> [Assigned task] Nothing is needed except the lines below that run from the one with "cmod (f x) \<le>" through the one with "by (rule bounded_linear_intro[where", repeated exactly.

[Dataset entries]
* * *
lemma minimizing_sequence_Cauchy:
  fixes x :: "'a::complex_inner" and m :: "nat \<Rightarrow> 'a"
  assumes mid: "\<And>k l. d \<le> norm (x - midpoint (m k) (m l))"
    and near: "\<And>k. norm (x - m k) < d + inverse (real (Suc k))" and "0 \<le> d"
  shows "Cauchy m"
proof (rule metric_CauchyI)
  fix e :: real assume "0 < e"
  define \<epsilon> where "\<epsilon> k = inverse (real (Suc k))" for k
  define g where "g K = 8 * d * \<epsilon> K + 4 * (\<epsilon> K)\<^sup>2" for K
  have g_bound: "(norm (m k - m l))\<^sup>2 \<le> g K" if "K \<le> k" "K \<le> l" for K k l
    unfolding g_def
  proof (rule midpoint_of_near_points[OF mid])
    have "\<epsilon> k \<le> \<epsilon> K" "\<epsilon> l \<le> \<epsilon> K"
      using that by (simp_all add: \<epsilon>_def le_imp_inverse_le)
    then show "norm (x - m k) \<le> d + \<epsilon> K" "norm (x - m l) \<le> d + \<epsilon> K"
      using near[of k] near[of l] unfolding \<epsilon>_def by linarith+
  qed (simp_all add: \<open>0 \<le> d\<close> \<epsilon>_def)
  have "\<epsilon> \<longlonglongrightarrow> 0"
    unfolding \<epsilon>_def by (rule LIMSEQ_inverse_real_of_nat)
  then have "g \<longlonglongrightarrow> 0"
    unfolding g_def by (auto intro!: tendsto_eq_intros)
  then obtain K where "g K < e\<^sup>2"
    using \<open>0 < e\<close> order_tendstoD(2)[of g 0 sequentially "e\<^sup>2"] by (auto dest: eventually_happens)
  then have "dist (m k) (m l) < e" if "K \<le> k" "K \<le> l" for k l
    using g_bound[OF that] \<open>0 < e\<close> unfolding dist_norm
    by (metis order.strict_trans1 power_less_imp_less_base less_imp_le)
  then show "\<exists>K. \<forall>k\<ge>K. \<forall>l\<ge>K. dist (m k) (m l) < e"
    by blast
qed

lemma closed_csubspace_nearest_point:
  fixes x :: "'a::chilbert"
  assumes "csubspace M" "closed M"
  shows "\<exists>p\<in>M. \<forall>m\<in>M. norm (x - p) \<le> norm (x - m)"
proof -
  define d where "d = (INF m\<in>M. norm (x - m))"
  have M0: "M \<noteq> {}" and M_midpoint: "\<And>a b. a \<in> M \<Longrightarrow> b \<in> M \<Longrightarrow> midpoint a b \<in> M"
    using assms(1) by (auto simp: csubspace_def midpoint_def scaleR_eq_cscale)
  have bdd: "bdd_below ((\<lambda>m. norm (x - m)) ` M)"
    by (auto intro: bdd_belowI[of _ 0])
  have d_le: "d \<le> norm (x - m)" if "m \<in> M" for m
    unfolding d_def using bdd that by (rule cINF_lower)
  have d0: "0 \<le> d"
    unfolding d_def using M0 by (auto intro!: cINF_greatest)
  have "\<exists>m\<in>M. norm (x - m) < d + inverse (real (Suc k))" for k
    using cINF_less_iff[OF M0 bdd, of "d + inverse (real (Suc k))"] by (simp add: d_def)
  then obtain m where m: "\<And>k. m k \<in> M" "\<And>k. norm (x - m k) < d + inverse (real (Suc k))"
    by metis
  have "Cauchy m"
    using d_le M_midpoint m d0 by (intro minimizing_sequence_Cauchy[where x = x and d = d]) auto
  then obtain p where p: "m \<longlonglongrightarrow> p"
    using Cauchy_convergent convergent_def by blast
  have "p \<in> M"
    using closed_sequentially[OF assms(2) m(1) p] .
  moreover have "norm (x - p) \<le> d"
  proof (rule LIMSEQ_le)
    show "(\<lambda>k. norm (x - m k)) \<longlonglongrightarrow> norm (x - p)"
      by (intro tendsto_intros p)
    show "(\<lambda>k. d + inverse (real (Suc k))) \<longlonglongrightarrow> d"
      using tendsto_add[OF tendsto_const LIMSEQ_inverse_real_of_nat] by simp
  qed (use m(2) less_imp_le in blast)
  ultimately show ?thesis
    using d_le order_trans by blast
qed

lemma closed_csubspace_orthogonal_point:
  fixes x :: "'a::chilbert"
  assumes "csubspace M" "closed M"
  shows "\<exists>p\<in>M. \<forall>m\<in>M. cinner (x - p) m = 0"
proof -
  obtain p where p: "p \<in> M" and nearest: "\<And>m. m \<in> M \<Longrightarrow> norm (x - p) \<le> norm (x - m)"
    using closed_csubspace_nearest_point[OF assms] by blast
  have "cinner (x - p) m = 0" if m: "m \<in> M" for m
  proof (rule ccontr)
    define z where "z = x - p"
    define c where "c = cinner z m"
    \<comment> \<open>moving from \<open>p\<close> towards \<open>p + s c m\<close> with small \<open>s > 0\<close> would come strictly closer to \<open>x\<close>\<close>
    define s where "s = 1 / ((norm m)\<^sup>2 + 1)"
    assume "cinner (x - p) m \<noteq> 0"
    then have sc: "s * (cmod c)\<^sup>2 > 0"
      by (auto simp: s_def c_def z_def intro!: divide_pos_pos add_nonneg_pos)
    have sm: "s * (norm m)\<^sup>2 < 1"
      by (simp add: s_def add_nonneg_pos)
    have "p + cscale (complex_of_real s * c) m \<in> M"
      using assms(1) p m unfolding csubspace_def by blast
    then have "(norm z)\<^sup>2 \<le> (norm (z - cscale (complex_of_real s * c) m))\<^sup>2"
      using nearest unfolding z_def by (simp add: diff_diff_eq power_mono)
    also have "\<dots> = (norm z)\<^sup>2 + (s * cmod c * norm m)\<^sup>2 - 2 * (s * (cmod c)\<^sup>2)"
    proof -
      have "cinner z (cscale (complex_of_real s * c) m) = complex_of_real (s * (cmod c)\<^sup>2)"
        by (simp add: cinner_cscale_right c_def mult.commute flip: complex_norm_square of_real_power)
      moreover have "s \<ge> 0"
        by (simp add: s_def)
      ultimately show ?thesis
        by (simp add: norm_diff_power2 norm_cscale norm_mult)
    qed
    finally have "0 \<le> (s * (cmod c)\<^sup>2) * (s * (norm m)\<^sup>2 - 2)"
      by (simp add: power2_eq_square algebra_simps)
    with sc sm show False
      by (simp add: zero_le_mult_iff)
  qed
  with p show ?thesis by blast
qed

definition orth_proj :: "'a::complex_inner set \<Rightarrow> 'a \<Rightarrow> 'a" where
  "orth_proj M x = (SOME p. p \<in> M \<and> (\<forall>m\<in>M. cinner (x - p) m = 0))"

lemma
  fixes M :: "'a::chilbert set"
  assumes "csubspace M" "closed M"
  shows orth_proj_in: "orth_proj M x \<in> M"
    and orth_proj_orthogonal: "m \<in> M \<Longrightarrow> cinner (x - orth_proj M x) m = 0"
  using someI_ex[OF closed_csubspace_orthogonal_point[OF assms, of x, unfolded Bex_def]]
  unfolding orth_proj_def by auto

theorem riesz_representation:
  fixes f :: "'a::chilbert \<Rightarrow> complex"
  assumes add: "\<And>x y. f (x + y) = f x + f y" and scale: "\<And>c x. f (cscale c x) = c * f x"
    and bound: "\<And>x. cmod (f x) \<le> norm x * K"
  shows "\<exists>y. \<forall>x. f x = cinner x y"
proof (cases "\<forall>x. f x = 0")
  case True
  then show ?thesis by (intro exI[of _ 0]) simp
next
  case False
  then obtain x0 where fx0: "f x0 \<noteq> 0" by blast
  have "bounded_linear f"
    by (rule bounded_linear_intro[where K = K])
       (auto simp: add bound scaleR_eq_cscale scale scaleR_conv_of_real)
  then have "closed {x. f x = 0}"
    by (intro closed_Collect_eq continuous_intros) (auto intro: linear_continuous_on)
  moreover have f_diff: "f (a - b) = f a - f b" for a b
    using add[of "a - b" b] by simp
  then have f0: "f 0 = 0"
    by (metis diff_self)
  then have "csubspace {x. f x = 0}"
    unfolding csubspace_def using scale add by simp
  ultimately obtain p where p: "f p = 0" and orth: "\<And>m. f m = 0 \<Longrightarrow> cinner (x0 - p) m = 0"
    using closed_csubspace_orthogonal_point[of "{x. f x = 0}" x0] by auto
  \<comment> \<open>\<open>z\<close> is orthogonal to the kernel of \<open>f\<close>, so \<open>f\<close> is a multiple of \<open>\<langle>-, z\<rangle>\<close>\<close>
  define z where "z = x0 - p"
  have fz: "f z = f x0"
    using p by (simp add: z_def f_diff)
  then have z0: "cinner z z \<noteq> 0"
    using fx0 f0 by auto
  have "f x = cinner x (cscale (cnj (f z) / cnj (cinner z z)) z)" for x
  proof -
    have "f (cscale (f x) z - cscale (f z) x) = 0"
      by (simp add: f_diff scale)
    then have "cinner z (cscale (f x) z - cscale (f z) x) = 0"
      using orth unfolding z_def[symmetric] by (metis cinner_commute complex_cnj_zero)
    then have "cnj (f x) = cnj (f z) * cinner z x / cinner z z"
      using z0 by (simp add: cinner_diff_right cinner_cscale_right field_simps)
    then have "f x = f z * cinner x z / cnj (cinner z z)"
      by (metis cinner_commute complex_cnj_cnj complex_cnj_divide complex_cnj_mult)
    then show ?thesis
      by (simp add: cinner_cscale_right flip: cinner_commute[of z z])
  qed
  then show ?thesis by blast
qed

section \<open>Adjoints\<close>

lemma cadjoint_exists:
  fixes T :: "'a::chilbert \<Rightarrow> 'a"
  assumes "bounded_op T"
  shows "\<exists>S. \<forall>x y. cinner (T x) y = cinner x (S y)"
proof -
  obtain K where K: "\<And>x. norm (T x) \<le> norm x * K"
    using assms by (auto simp: bounded_op_def)
  have "\<exists>w. \<forall>x. cinner (T x) y = cinner x w" for y
  proof (rule riesz_representation[where K = "K * norm y"])
    show "cinner (T (x + z)) y = cinner (T x) y + cinner (T z) y" for x z
      by (simp add: bounded_op_add[OF assms] cinner_add_left)
    show "cinner (T (cscale c x)) y = c * cinner (T x) y" for c x
      by (simp add: bounded_op_cscale[OF assms] cinner_cscale_left)
    show "cmod (cinner (T x) y) \<le> norm x * (K * norm y)" for x
      using cmod_cinner_le[of "T x" y] mult_right_mono[OF K[of x], of "norm y"]
      by (simp add: mult.assoc)
  qed
  then show ?thesis by metis
qed

lemma cinner_cadjoint_right:
  fixes T :: "'a::chilbert \<Rightarrow> 'a"
  assumes "bounded_op T"
  shows "cinner (T x) y = cinner x (cadjoint T y)"
  using someI_ex[OF cadjoint_exists[OF assms]] unfolding cadjoint_def by blast

lemma cinner_cadjoint_left:
  fixes T :: "'a::chilbert \<Rightarrow> 'a"
  assumes "bounded_op T"
  shows "cinner (cadjoint T x) y = cinner x (T y)"
  by (metis cinner_cadjoint_right[OF assms] cinner_commute)

lemma cadjoint_eqI:
  assumes "\<And>x y. cinner (T x) y = cinner x (S y)"
  shows "cadjoint T = S"
proof
  have "\<forall>x y. cinner (T x) y = cinner x (cadjoint T y)"
    unfolding cadjoint_def by (rule someI[of _ S]) (use assms in blast)
  then show "cadjoint T y = S y" for y
    by (metis cinner_ext_right assms)
qed

lemma cadjoint_cadjoint:
  fixes T :: "'a::chilbert \<Rightarrow> 'a"
  shows "bounded_op T \<Longrightarrow> cadjoint (cadjoint T) = T"
  by (rule cadjoint_eqI) (rule cinner_cadjoint_left)

lemma bounded_op_cadjoint:
  fixes T :: "'a::chilbert \<Rightarrow> 'a"
  assumes T: "bounded_op T"
  shows "bounded_op (cadjoint T)"
proof -
  obtain K where K: "\<And>x. norm (T x) \<le> norm x * K" and "K > 0"
    using bounded_linear.pos_bounded[OF bounded_op_imp_bounded_linear[OF T]] by blast
  have "cadjoint T (x + y) = cadjoint T x + cadjoint T y" for x y
    by (rule cinner_ext_right) (simp add: cinner_cadjoint_right[OF T, symmetric] cinner_add_right)
  moreover have "cadjoint T (cscale c x) = cscale c (cadjoint T x)" for c x
    by (rule cinner_ext_right) (simp add: cinner_cadjoint_right[OF T, symmetric] cinner_cscale_right)
  ultimately have "clinear_op (cadjoint T)"
    unfolding clinear_op_def by blast
  moreover have "norm (cadjoint T y) \<le> norm y * K" for y
  proof -
    let ?w = "cadjoint T y"
    have "norm ?w * norm ?w = Re (cinner (T ?w) y)"
      by (simp add: cinner_cadjoint_right[OF T] Re_cinner_self power2_eq_square)
    also have "\<dots> \<le> norm (T ?w) * norm y"
      using complex_Re_le_cmod cmod_cinner_le order_trans by blast
    also have "\<dots> \<le> norm ?w * (norm y * K)"
      using mult_right_mono[OF K[of ?w], of "norm y"] by (simp add: algebra_simps)
    finally show ?thesis
      by (cases "?w = 0") (use \<open>K > 0\<close> in auto)
  qed
  ultimately show ?thesis
    unfolding bounded_op_def by blast
qed

lemma cadjoint_comp:
  fixes S T :: "'a::chilbert \<Rightarrow> 'a"
  shows "bounded_op S \<Longrightarrow> bounded_op T \<Longrightarrow> cadjoint (S \<circ> T) = cadjoint T \<circ> cadjoint S"
  by (rule cadjoint_eqI) (simp add: cinner_cadjoint_right)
* * *
> [Task response]
    and bound: "\<And>x. cmod (f x) \<le> norm x * K"
  shows "\<exists>y. \<forall>x. f x = cinner x y"
proof (cases "\<forall>x. f x = 0")
  case True
  then show ?thesis by (intro exI[of _ 0]) simp
next
  case False
  then obtain x0 where fx0: "f x0 \<noteq> 0" by blast
  have "bounded_linear f"
    by (rule bounded_linear_intro[where K = K])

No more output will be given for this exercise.